▸ Data records:
(* Let $0<f_1<f_2<f_3$ and $2h=1$. For values $(f_L,g_L)$ with $f_L<1$ in the image of the reduced Lamé momentum map $(F_L,G_L):M_h\to\mathbb R^2$, set $r_2=g_L/(1-f_L)$ and define $$p_1(s)^2=\frac{f_L-s}{4(s-1)^2s},\qquad p_k(s)^2=-\frac{(f_L-1)s+g_L}{4(f_3-s)(s-f_1)(s-f_2)}\ (k=2,3),$$ $$J_1=\frac2\pi\int_0^{f_L}p_1\,ds,\quad J_2=\frac2\pi\int_{f_1}^{\min(r_2,f_2)}p_2\,ds,\quad J_3=\frac2\pi\int_{\max(f_2,r_2)}^{f_3}p_3\,ds.$$ Then for each fixed $r_2$, the points of the image of the momentum map lying on the straight line $F_L=1-\frac{1}{r_2}G_L$ are mapped by $(J_1,J_2,J_3)$ into a straight line in action space $\mathbb R^3$.
   Context: $\mathbf L=(\ell_{12},\ell_{13},\ell_{14},\ell_{23},\ell_{24},\ell_{34})\in\mathbb R^6$; $M_h=\{\mathbf L:\sum_{i<j}\ell_{ij}^2=2h,\ \ell_{12}\ell_{34}-\ell_{13}\ell_{24}+\ell_{14}\ell_{23}=0\}\cong S^2\times S^2$ is a symplectic leaf of $\mathfrak{so}(4)^*$ (Lie–Poisson bracket). The reduced Lamé system is $F_L=\ell_{12}^2+\ell_{13}^2+\ell_{14}^2$, $G_L=f_1\ell_{34}^2+f_2\ell_{24}^2+f_3\ell_{23}^2$. The $J_i$ are its (continuous) action variables, obtained from separation of the geodesic flow on $S^3$ in Lamé coordinates; the radicands are nonnegative on the integration intervals. *)

theory Defs
  imports "HOL-Analysis.Analysis"
begin

text \<open>A point L = (l12,l13,l14,l23,l24,l34) of so(4)^* = R^6, as a 6-tuple.\<close>
type_synonym so4 = "real \<times> real \<times> real \<times> real \<times> real \<times> real"

definition M_h :: "real \<Rightarrow> so4 set" where
  "M_h h = {(l12,l13,l14,l23,l24,l34).
      l12^2 + l13^2 + l14^2 + l23^2 + l24^2 + l34^2 = 2*h \<and>
      l12*l34 - l13*l24 + l14*l23 = 0}"

definition F_L :: "so4 \<Rightarrow> real" where
  "F_L L = (case L of (l12,l13,l14,l23,l24,l34) \<Rightarrow> l12^2 + l13^2 + l14^2)"

definition G_L :: "real \<Rightarrow> real \<Rightarrow> real \<Rightarrow> so4 \<Rightarrow> real" where
  "G_L f1 f2 f3 L = (case L of (l12,l13,l14,l23,l24,l34) \<Rightarrow>
      f1*l34^2 + f2*l24^2 + f3*l23^2)"

definition lame_image :: "real \<Rightarrow> real \<Rightarrow> real \<Rightarrow> real \<Rightarrow> (real \<times> real) set" where
  "lame_image f1 f2 f3 h = (\<lambda>L. (F_L L, G_L f1 f2 f3 L)) ` M_h h"

text \<open>p_1 and p_2 = p_3 as (nonnegative) square roots of the given radicands.\<close>
definition p1 :: "real \<Rightarrow> real \<Rightarrow> real" where
  "p1 fL s = sqrt ((fL - s) / (4 * (s - 1)^2 * s))"

definition p23 :: "real \<Rightarrow> real \<Rightarrow> real \<Rightarrow> real \<Rightarrow> real \<Rightarrow> real \<Rightarrow> real" where
  "p23 f1 f2 f3 fL gL s = sqrt (- ((fL - 1) * s + gL) / (4 * (f3 - s) * (s - f1) * (s - f2)))"

definition J1 :: "real \<Rightarrow> real" where
  "J1 fL = 2 / pi * integral {0..fL} (p1 fL)"

definition J2 :: "real \<Rightarrow> real \<Rightarrow> real \<Rightarrow> real \<Rightarrow> real \<Rightarrow> real" where
  "J2 f1 f2 f3 fL gL = 2 / pi *
     integral {f1..min (gL / (1 - fL)) f2} (p23 f1 f2 f3 fL gL)"

definition J3 :: "real \<Rightarrow> real \<Rightarrow> real \<Rightarrow> real \<Rightarrow> real \<Rightarrow> real" where
  "J3 f1 f2 f3 fL gL = 2 / pi *
     integral {max f2 (gL / (1 - fL))..f3} (p23 f1 f2 f3 fL gL)"

definition J_map :: "real \<Rightarrow> real \<Rightarrow> real \<Rightarrow> real \<Rightarrow> real \<Rightarrow> real \<times> real \<times> real" where
  "J_map f1 f2 f3 fL gL = (J1 fL, J2 f1 f2 f3 fL gL, J3 f1 f2 f3 fL gL)"

end

theory Submission
  imports Defs
begin

(* On the line g_L = r2 (1 - f_L) the radicand of p_2 = p_3 is (1 - f_L) times its value at the
   point (f_L, g_L) = (0, r2), and the integration limits depend on r2 only; so J_2 and J_3 are
   sqrt (1 - f_L) times their values at (0, r2). The integral J_1 depends on f_L alone and equals
   1 - sqrt (1 - f_L), because
     arcsin (sqrt (s / a)) - sqrt (1 - a) * arcsin (sqrt ((1 - a) s / (a (1 - s))))
   is a primitive of p_1 on (0, a). Hence
     (J_1, J_2, J_3) = (1, 0, 0) + sqrt (1 - f_L) (-1, J_2 (0, r2), J_3 (0, r2)).
   Neither the ordering of the f_i nor the value of h is needed. *)

lemma DERIV_arcsin_sqrt:
  assumes g: "(g has_real_derivative g') (at x)" and "0 < g x" "g x < 1"
  shows "((\<lambda>s. arcsin (sqrt (g s))) has_real_derivative g' / (2 * sqrt (g x * (1 - g x)))) (at x)"
proof -
  have "sqrt (g x) < 1" "- 1 < sqrt (g x)"
    using assms by (auto intro: less_le_trans[OF _ real_sqrt_ge_zero])
  then have "((\<lambda>s. arcsin (sqrt (g s))) has_real_derivative
          inverse (sqrt (1 - (sqrt (g x))\<^sup>2)) * (inverse (sqrt (g x)) / 2 * g')) (at x)"
    using assms by (intro DERIV_chain2[OF DERIV_arcsin DERIV_chain2[OF DERIV_real_sqrt g]]) auto
  moreover have "inverse (sqrt (1 - (sqrt (g x))\<^sup>2)) * (inverse (sqrt (g x)) / 2 * g')
      = g' / (2 * sqrt (g x * (1 - g x)))"
  proof -
    have "sqrt (g x * (1 - g x)) = sqrt (g x) * sqrt (1 - g x)"
      by (rule real_sqrt_mult)
    then show ?thesis
      using assms by (simp add: field_simps)
  qed
  ultimately show ?thesis by (simp only:)
qed

definition p1_primitive :: "real \<Rightarrow> real \<Rightarrow> real" where
  "p1_primitive a s =
     arcsin (sqrt (s / a)) - sqrt (1 - a) * arcsin (sqrt ((1 - a) * s / (a * (1 - s))))"

lemma p1_primitive_0 [simp]: "p1_primitive a 0 = 0"
  by (simp add: p1_primitive_def)

lemma p1_primitive_self:
  assumes "0 < a" "a < 1"
  shows "p1_primitive a a = pi / 2 * (1 - sqrt (1 - a))"
  using assms by (simp add: p1_primitive_def algebra_simps)

lemma continuous_on_p1_primitive:
  assumes "0 < a" "a < 1"
  shows "continuous_on {0..a} (p1_primitive a)"
proof -
  have "0 \<le> (1 - a) * s / (a * (1 - s))" "(1 - a) * s / (a * (1 - s)) \<le> 1"
    if "s \<in> {0..a}" for s
    using assms that mult_right_mono[of a 1 s] by (auto simp: divide_simps algebra_simps)
  then show ?thesis
    unfolding p1_primitive_def using assms
    by (intro continuous_intros) (auto simp: divide_simps intro: order_trans[OF _ real_sqrt_ge_zero])
qed

lemma p1_eq:
  assumes "0 < s" "s < a" "a < 1"
  shows "p1 a s = (a - s) / (2 * (1 - s) * sqrt (s * (a - s)))"
  unfolding p1_def
proof (rule real_sqrt_unique)
  show "((a - s) / (2 * (1 - s) * sqrt (s * (a - s))))\<^sup>2 = (a - s) / (4 * (s - 1)\<^sup>2 * s)"
  proof -
    have "((a - s) / (2 * (1 - s) * sqrt (s * (a - s))))\<^sup>2 = (a - s)\<^sup>2 / (4 * (1 - s)\<^sup>2 * (s * (a - s)))"
      using assms by (simp add: power2_eq_square algebra_simps)
    also have "\<dots> = (a - s) / (4 * (s - 1)\<^sup>2 * s)"
      using assms by (simp add: power2_commute[of s 1] divide_simps) (simp add: power2_eq_square)
    finally show ?thesis .
  qed
  show "0 \<le> (a - s) / (2 * (1 - s) * sqrt (s * (a - s)))"
    using assms by simp
qed

lemma has_real_derivative_p1_primitive:
  assumes "0 < s" "s < a" "a < 1"
  shows "(p1_primitive a has_real_derivative p1 a s) (at s)"
proof -
  define w where "w x = (1 - a) * x / (a * (1 - x))" for x
  define R where "R = sqrt (s * (a - s))"
  have "0 < R"
    using assms by (simp add: R_def)
  have "0 < w s" "w s < 1"
    using assms by (auto simp: w_def divide_simps algebra_simps)
  moreover have "((\<lambda>x. x / a) has_real_derivative 1 / a) (at s)"
    using assms by (auto intro!: derivative_eq_intros)
  moreover have "(w has_real_derivative (1 - a) / (a * (1 - s)\<^sup>2)) (at s)"
    unfolding w_def using assms
    by (auto intro!: derivative_eq_intros simp: divide_simps power2_eq_square) (simp add: algebra_simps)
  ultimately have deriv: "(p1_primitive a has_real_derivative
      (1 / a) / (2 * sqrt (s / a * (1 - s / a)))
      - sqrt (1 - a) * ((1 - a) / (a * (1 - s)\<^sup>2) / (2 * sqrt (w s * (1 - w s))))) (at s)"
    unfolding p1_primitive_def w_def[symmetric] using assms
    by (intro DERIV_diff DERIV_cmult DERIV_arcsin_sqrt) auto
  have "s / a * (1 - s / a) = (R / a)\<^sup>2"
    using assms by (simp add: R_def field_simps power2_eq_square)
  then have sqrt1: "sqrt (s / a * (1 - s / a)) = R / a"
    using assms \<open>0 < R\<close> by simp
  have "w s * (1 - w s) = (sqrt (1 - a) * R / (a * (1 - s)))\<^sup>2"
    using assms by (simp add: w_def R_def field_simps power2_eq_square)
  then have sqrt2: "sqrt (w s * (1 - w s)) = sqrt (1 - a) * R / (a * (1 - s))"
    using assms \<open>0 < R\<close> by simp
  have "(1 / a) / (2 * sqrt (s / a * (1 - s / a)))
      - sqrt (1 - a) * ((1 - a) / (a * (1 - s)\<^sup>2) / (2 * sqrt (w s * (1 - w s))))
      = 1 / (2 * R) - (1 - a) / (2 * (1 - s) * R)"
    unfolding sqrt1 sqrt2 using assms \<open>0 < R\<close> by (simp add: power2_eq_square)
  also have "\<dots> = (a - s) / (2 * (1 - s) * R)"
    using assms \<open>0 < R\<close> by (simp add: field_simps)
  also have "\<dots> = p1 a s"
    using p1_eq[OF assms] by (simp add: R_def)
  finally show ?thesis
    using deriv by simp
qed

lemma p1_has_integral:
  assumes "0 < a" "a < 1"
  shows "(p1 a has_integral pi / 2 * (1 - sqrt (1 - a))) {0..a}"
proof -
  have "(p1 a has_integral p1_primitive a a - p1_primitive a 0) {0..a}"
    using assms continuous_on_p1_primitive has_real_derivative_p1_primitive
    by (intro fundamental_theorem_of_calculus_interior)
       (auto simp: has_real_derivative_iff_has_vector_derivative)
  then show ?thesis
    using assms by (simp add: p1_primitive_self)
qed

lemma J1_eq:
  assumes "0 \<le> a" "a < 1"
  shows "J1 a = 1 - sqrt (1 - a)"
proof (cases "a = 0")
  case False
  with assms have integral: "integral {0..a} (p1 a) = pi / 2 * (1 - sqrt (1 - a))"
    by (intro integral_unique p1_has_integral) auto
  show ?thesis
    unfolding J1_def integral by simp
qed (simp add: J1_def)

lemma p23_scale:
  assumes "fL \<le> 1"
  shows "p23 f1 f2 f3 fL (r * (1 - fL)) = (\<lambda>s. sqrt (1 - fL) * p23 f1 f2 f3 0 r s)"
proof
  fix s
  have "- ((fL - 1) * s + r * (1 - fL)) / (4 * (f3 - s) * (s - f1) * (s - f2))
      = (1 - fL) * (- ((0 - 1) * s + r) / (4 * (f3 - s) * (s - f1) * (s - f2)))"
    by (simp add: algebra_simps)
  then show "p23 f1 f2 f3 fL (r * (1 - fL)) s = sqrt (1 - fL) * p23 f1 f2 f3 0 r s"
    unfolding p23_def by (simp only: real_sqrt_mult)
qed

lemma J_map_on_line:
  assumes "0 \<le> fL" "fL < 1" "gL / (1 - fL) = r"
  shows "J_map f1 f2 f3 fL gL
    = (1, 0, 0) + sqrt (1 - fL) *\<^sub>R (-1, J2 f1 f2 f3 0 r, J3 f1 f2 f3 0 r)"
proof -
  have "gL = r * (1 - fL)"
    using assms(2,3) by (simp add: field_simps)
  then show ?thesis
    using assms by (simp add: J_map_def J1_eq J2_def J3_def p23_scale)
qed

lemma fst_lame_image_nonneg: "(fL, gL) \<in> lame_image f1 f2 f3 h \<Longrightarrow> 0 \<le> fL"
  by (auto simp: lame_image_def F_L_def)

theorem lemma14:
  fixes f1 f2 f3 h r2 :: real
  assumes "0 < f1" and "f1 < f2" and "f2 < f3" and "2 * h = 1"
  shows "\<exists>a d :: real \<times> real \<times> real. d \<noteq> 0 \<and>
           (\<forall>(fL, gL) \<in> lame_image f1 f2 f3 h.
              fL < 1 \<and> fL = 1 - gL / r2 \<and> gL / (1 - fL) = r2 \<longrightarrow>
              (\<exists>t::real. J_map f1 f2 f3 fL gL = a + t *\<^sub>R d))"
proof (intro exI conjI)
  show "((-1, J2 f1 f2 f3 0 r2, J3 f1 f2 f3 0 r2) :: real \<times> real \<times> real) \<noteq> 0"
    by (simp add: zero_prod_def)
  show "\<forall>(fL, gL) \<in> lame_image f1 f2 f3 h.
      fL < 1 \<and> fL = 1 - gL / r2 \<and> gL / (1 - fL) = r2 \<longrightarrow>
      (\<exists>t. J_map f1 f2 f3 fL gL = (1, 0, 0) + t *\<^sub>R (-1, J2 f1 f2 f3 0 r2, J3 f1 f2 f3 0 r2))"
    using J_map_on_line[of _ _ r2 f1 f2 f3] fst_lame_image_nonneg by blast
qed

end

▸ ASSIGNMENT: Pick out each line above that includes "moreover" and show it.

▸ WRITTEN RESPONSE:
  moreover have "inverse (sqrt (1 - (sqrt (g x))\<^sup>2)) * (inverse (sqrt (g x)) / 2 * g')
  moreover have "((\<lambda>x. x / a) has_real_derivative 1 / a) (at s)"
  moreover have "(w has_real_derivative (1 - a) / (a * (1 - s)\<^sup>2)) (at s)"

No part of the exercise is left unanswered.